» **Task goal**
There is one span to output from the data below: the lines starting at the line with "J = (\<Sum>I\<in>?Q." and ending at the line with "1) = unit_vec". Output it exactly, ends included, nothing more.

Task inputs Start Marker

lemma act_poly_eq_subst_scale:
  assumes M: "minv n g \<in> carrier_mat n n" "fixes_coord_hyperplane n (minv n g)"
    and last: "minv n g *\<^sub>v unit_vec n (n - 1) = x \<cdot>\<^sub>v unit_vec n (n - 1)"
    and n: "0 < n"
  shows "act_poly n g f = subst (\<lambda>k. Const (if k = n - 1 then x else 1) * Var k) f"
  unfolding act_poly_def
proof (rule arg_cong[where f = "\<lambda>\<sigma>. subst \<sigma> f"], rule ext)
  fix k
  show "(if k < n then lin_poly n (row (minv n g) k) else Var k) =
      Const (if k = n - 1 then x else 1) * Var k"
  proof (cases "k < n")
    case True
    then have "minv n g $$ (k, n - 1) = (if k = n - 1 then x else 0)"
      using M(1) last by (simp add: mat_index_eq_mult_unit_vec)
    then show ?thesis
      using lin_poly_row_fixing_hyperplane[OF M True] True by auto
  qed (use n in simp)
qed

lemma act_form_eq_act_poly:
  assumes M: "minv n g \<in> carrier_mat n n" "fixes_coord_hyperplane n (minv n g)"
    and J: "J \<subseteq> {..<n}" "n - 1 \<notin> J"
  shows "act_form n g \<mu> J = act_poly n g (\<mu> J)"
proof -
  let ?Q = "{I \<in> Pow {..<n}. card I = card J}"
  have finJ: "finite J" using J(1) finite_subset by blast
  have entries: "minv n g $$ (x, y) = (if x = y then 1 else 0)" if "x < n" "y \<in> J" for x y
  proof -
    have "y < n" "y \<noteq> n - 1" using that(2) J by auto
    then show ?thesis using fixes_coord_hyperplane_index[OF M that(1)] by simp
  qed
  have minors: "minor (minv n g) I J = (if I = J then 1 else 0)" if "I \<in> ?Q" for I
    using that entries finite_subset[of I "{..<n}"]
    by (intro minor_eq_delta[OF _ finJ]) auto
  have "act_form n g \<mu> J = (\<Sum>I\<in>?Q. Const (minor (minv n g) I J) * act_poly n g (\<mu> I))"
    using J(1) by (simp add: act_form_def)
  also have "\<dots> = (\<Sum>I\<in>?Q. if I = J then act_poly n g (\<mu> I) else 0)"
    by (rule sum.cong) (simp_all add: minors)
  also have "\<dots> = act_poly n g (\<mu> J)"
    using J(1) by (simp add: sum.delta')
  finally show ?thesis .
qed

section \<open>Transvections and the diagonalizable reflection\<close>

lemma left_inverse_transvection_last_col:
  fixes t :: "'a::field mat"
  assumes M: "M \<in> carrier_mat n n" "M * t = 1\<^sub>m n"
    and t: "t \<in> carrier_mat n n" "fixes_coord_hyperplane n t"
      "t *\<^sub>v unit_vec n (n - 1) = unit_vec n (n - 1) + unit_vec n i"
    and i: "i < n - 1" and a: "a < n"
  shows "M $$ (a, n - 1) = (if a = n - 1 then 1 else 0) - (if a = i then 1 else 0)"
proof -
  have M_hyp: "fixes_coord_hyperplane n M"
    using fixes_coord_hyperplane_left_inverse[OF M(1) t(1,2) M(2)] .
  have "M *\<^sub>v unit_vec n (n - 1) + unit_vec n i = M *\<^sub>v (t *\<^sub>v unit_vec n (n - 1))"
    using M(1) M_hyp i t(3) by (simp add: mult_add_distrib_mat_vec fixes_coord_hyperplane_def)
  also have "\<dots> = unit_vec n (n - 1)"
    using M t(1) by (simp flip: assoc_mult_mat_vec)
  finally have M_last: "M *\<^sub>v unit_vec n (n - 1) + unit_vec n i = unit_vec n (n - 1)" .
  have "M $$ (a, n - 1) = (M *\<^sub>v unit_vec n (n - 1)) $ a"
    using mat_index_eq_mult_unit_vec[OF M(1) a, of "n - 1"] a by simp
  then show ?thesis
    using arg_cong[OF M_last, of "\<lambda>v. v $ a"] a i M(1) by (simp add: eq_diff_eq)
qed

Task inputs End Marker

» **Task result**
  have "act_form n g \<mu> J = (\<Sum>I\<in>?Q. Const (minor (minv n g) I J) * act_poly n g (\<mu> I))"
    using J(1) by (simp add: act_form_def)
  also have "\<dots> = (\<Sum>I\<in>?Q. if I = J then act_poly n g (\<mu> I) else 0)"
    by (rule sum.cong) (simp_all add: minors)
  also have "\<dots> = act_poly n g (\<mu> J)"
    using J(1) by (simp add: sum.delta')
  finally show ?thesis .
qed

section \<open>Transvections and the diagonalizable reflection\<close>

lemma left_inverse_transvection_last_col:
  fixes t :: "'a::field mat"
  assumes M: "M \<in> carrier_mat n n" "M * t = 1\<^sub>m n"
    and t: "t \<in> carrier_mat n n" "fixes_coord_hyperplane n t"
      "t *\<^sub>v unit_vec n (n - 1) = unit_vec n (n - 1) + unit_vec n i"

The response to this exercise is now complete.